More efficient procedures for the logic of equality with uninterpreted functions were proposed by Bryant et al. [6] . These procedures exploit the structure of the formulas generated to reduce the complexity of the decision procedure for the logic. By distinguishing between positive and negative terms, proving the universal validity of a positive formula can be reduced to proving its validity in all maximally diverse interpretations. Thus, the decision procedure can significantly reduce the different interpretations it should consider. Their method was able to efficiently verify complex pipelined microprocessors that defied all previous methods.
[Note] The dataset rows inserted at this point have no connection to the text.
lemma bipartiteI:
  assumes "A \<union> B = V" "A \<inter> B = {}" "E \<subseteq> cross_edges A B"
  shows "bipartite V E"
proof -
  have "\<exists>a\<in>A. \<exists>b\<in>B. e = {a, b}" if "e \<in> E" for e
    using assms(3) that unfolding cross_edges_def by blast
  then show ?thesis using assms(1,2) unfolding bipartite_def by blast
qed

lemma bipartiteE:
  assumes "bipartite V E"
  obtains A B where "A \<union> B = V" "A \<inter> B = {}" "E \<subseteq> cross_edges A B"
proof -
  obtain A B where "A \<union> B = V" "A \<inter> B = {}" "\<forall>e\<in>E. \<exists>a\<in>A. \<exists>b\<in>B. e = {a, b}"
    using assms unfolding bipartite_def by blast
  moreover from this(3) have "E \<subseteq> cross_edges A B" unfolding cross_edges_def by blast
  ultimately show ?thesis using that by blast
qed

lemma bipartite_no_triangle:
  assumes "bipartite V E" "{a, b} \<in> E" "{b, c} \<in> E" "{a, c} \<in> E"
  shows False
proof -
  obtain A B where AB: "A \<inter> B = {}" "E \<subseteq> cross_edges A B" using bipartiteE[OF assms(1)] .
  then have "{a, b} \<in> cross_edges A B" "{b, c} \<in> cross_edges A B" "{a, c} \<in> cross_edges A B"
    using assms(2-4) by blast+
  then show False using AB(1) unfolding doubleton_in_cross_edges_iff by blast
qed

lemma bipartite_delete_vertex:
  assumes "bipartite V E"
  shows "bipartite (V - {v}) {e \<in> E. v \<notin> e}"
proof -
  obtain A B where AB: "A \<union> B = V" "A \<inter> B = {}" "E \<subseteq> cross_edges A B"
    using bipartiteE[OF assms] .
  have "e \<in> cross_edges (A - {v}) (B - {v})" if e: "e \<in> E" "v \<notin> e" for e
  proof -
    obtain x y where "e = {x, y}" "x \<in> A" "y \<in> B" using AB(3) e(1) unfolding cross_edges_def
      by blast
    then show ?thesis using e(2) unfolding cross_edges_def by blast
  qed
  moreover have "(A - {v}) \<union> (B - {v}) = V - {v}" "(A - {v}) \<inter> (B - {v}) = {}"
    using AB(1,2) by blast+
  ultimately show ?thesis by (intro bipartiteI) blast+
qed
theorem exists_two_sided_annihilator_multiple:
  fixes A :: "'a::comm_ring_1^'n::finite^'n"
  assumes "c \<noteq> 0" and "c * det A = 0"
  shows "\<exists>B. B \<noteq> 0 \<and> A ** B = 0 \<and> B ** A = 0 \<and> (\<forall>i j. c dvd B $ i $ j)"
proof -
  obtain g where nonzero: "c * det (mixed_columns A g) \<noteq> 0"
    and maximal: "\<And>g'. inl_count g < inl_count g' \<Longrightarrow> c * det (mixed_columns A g') = 0"
    using exists_maximal_mixed_columns assms(1) by blast
  have "inl_count g < CARD('n)"
  proof (rule ccontr)
    assume "\<not> inl_count g < CARD('n)"
    then have "{i. isl (g i)} = UNIV"
      using inl_count_le_card[of g] by (intro card_subset_eq) (auto simp: inl_count_def)
    then have "det A dvd det (mixed_columns A g)"
      by (intro det_dvd_det_mixed_columns) blast
    then show False
      using assms(2) nonzero by (auto elim!: dvdE simp: mult.assoc[symmetric])
  qed
  then obtain q r s where q: "g q = Inr r" and s: "\<And>i. g i \<noteq> Inl s"
    and count: "inl_count (g(q := Inl s)) = Suc (inl_count g)"
    by (erule inl_count_extend)
  define B where "B = mccoy_annihilator c A (g(q := Inl s))"
  have saturated: "c * det (mixed_columns A g') = 0"
    if "inl_count g' = inl_count (g(q := Inl s))" for g'
    using maximal that count by simp
  have unique: "(g(q := Inl s)) i = Inl s \<Longrightarrow> i = q" for i
    using s by (cases "i = q") auto
  have "B $ s $ r = c * det (mixed_columns A (g(q := Inl s, q := Inr r)))"
    unfolding B_def by (rule mccoy_annihilator_entry[OF _ unique]) simp
  also have "g(q := Inl s, q := Inr r) = g"
    using q by auto
  finally have "B $ s $ r = c * det (mixed_columns A g)" .
  then have "B \<noteq> 0" using nonzero by auto
  moreover have "A ** B = 0" "B ** A = 0"
    unfolding B_def using saturated
    by (simp_all add: mult_mccoy_annihilator mccoy_annihilator_mult)
  moreover have "c dvd B $ i $ j" for i j
    by (simp add: B_def mccoy_annihilator_def)
  ultimately show ?thesis by blast
qed

lemma mult_eq_0_of_dvd_entries:
  fixes X Y :: "'a::comm_ring_1^'n::finite^'n"
  assumes "\<And>i j. c dvd X $ i $ j" and "\<And>i j. d dvd Y $ i $ j" and "c * d = 0"
  shows "X ** Y = 0"
proof -
  have "X $ i $ k * Y $ k $ j = 0" for i k j
    using assms(1)[of i k] assms(2)[of k j] assms(3)
    by (auto elim!: dvdE simp: algebra_simps)
  then show ?thesis by (simp add: vec_eq_iff matrix_matrix_mult_def)
qed

lemma walk_singleton [simp]: "walk E [x]"
  by (simp add: walk_def)

lemma walk_Cons_Cons: "walk E (x # y # zs) \<longleftrightarrow> E x y \<and> walk E (y # zs)"
  unfolding walk_def by (auto simp: less_Suc_eq_0_disj)

lemma walk_skip_repeats:
  assumes "walk (\<lambda>u v. u = v \<or> E u v) (x # xs)"
  shows "\<exists>ys. walk E ys \<and> hd ys = x \<and> last ys = last (x # xs) \<and> length ys \<le> length (x # xs)"
  using assms
proof (induction xs arbitrary: x)
  case Nil
  then show ?case by (intro exI[of _ "[x]"]) simp
next
  case (Cons y zs)
  then obtain ys where ys: "walk E ys" "hd ys = y" "last ys = last (y # zs)"
    "length ys \<le> length (y # zs)"
    by (auto simp: walk_Cons_Cons)
  show ?case
  proof (cases "x = y")
    case True
    then show ?thesis using ys by (intro exI[of _ ys]) auto
  next
    case False
    then have "E x y" using Cons.prems by (simp add: walk_Cons_Cons)
    moreover have "ys = y # tl ys"
      using ys(1,2) by (cases ys) (auto simp: walk_def)
    ultimately have "walk E (x # ys)"
      using ys(1) by (metis walk_Cons_Cons)
    then show ?thesis using ys by (intro exI[of _ "x # ys"]) (auto simp: walk_def)
  qed
qed

lemma graph_dist_le_walk:
  assumes "walk (\<lambda>u v. u = v \<or> E u v) xs"
  shows "graph_dist E (hd xs) (last xs) \<le> enat (length xs - 1)"
proof -
  obtain x xs' where xs: "xs = x # xs'"
    using assms by (cases xs) (auto simp: walk_def)
  then obtain ys where "walk E ys" "hd ys = hd xs" "last ys = last xs" "length ys \<le> length xs"
    using walk_skip_repeats assms by fastforce
  then have "graph_dist E (hd xs) (last xs) \<le> enat (length ys - 1)"
    unfolding graph_dist_def by (intro INF_lower) auto
  also have "\<dots> \<le> enat (length xs - 1)"
    using \<open>length ys \<le> length xs\<close> by simp
  finally show ?thesis .
qed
The technique we present in this paper for formally verifying the checker processor borrows from the previous work described above. Yet, it has several distinct advantages, the most significant being its scalability. The complexity of microprocessor designs tends to grow rapidly with the introduction of advanced microarchi-tectural features. Although recent methods were able to verify some of these modern designs, the techniques used are not guaranteed to perform efficiently on future designs. Our approach scales well as designs get more complex since the architecture of the checker processor will not drastically change. In addition, our approach relaxes the requirement on the specification. Whereas previous techniques required an "executable" specification, our approach uses an "interpretation" of the ISA reference manual as a specification.
DYNAMIC VERIFICATION
Dynamic verification [4] is an online instruction checking technique that stems from the simple observation that speculative execution is fault tolerant. Consider, for example, an incorrectly designed branch predictor that indexes the predictor array with the most significant bits of the program counter (instead of the least significant bits.) The design would operate correctly even though the branch predictor contained a design error. The only effect on the system would be significantly reduced branch predictor accuracy (i.e., more mispredictions) and accordingly reduced system performance. From the point of view of a correctly-designed branch predictor check mechanism, a bad prediction from a broken predictor is indistinguishable from a bad prediction from a correct predictor design.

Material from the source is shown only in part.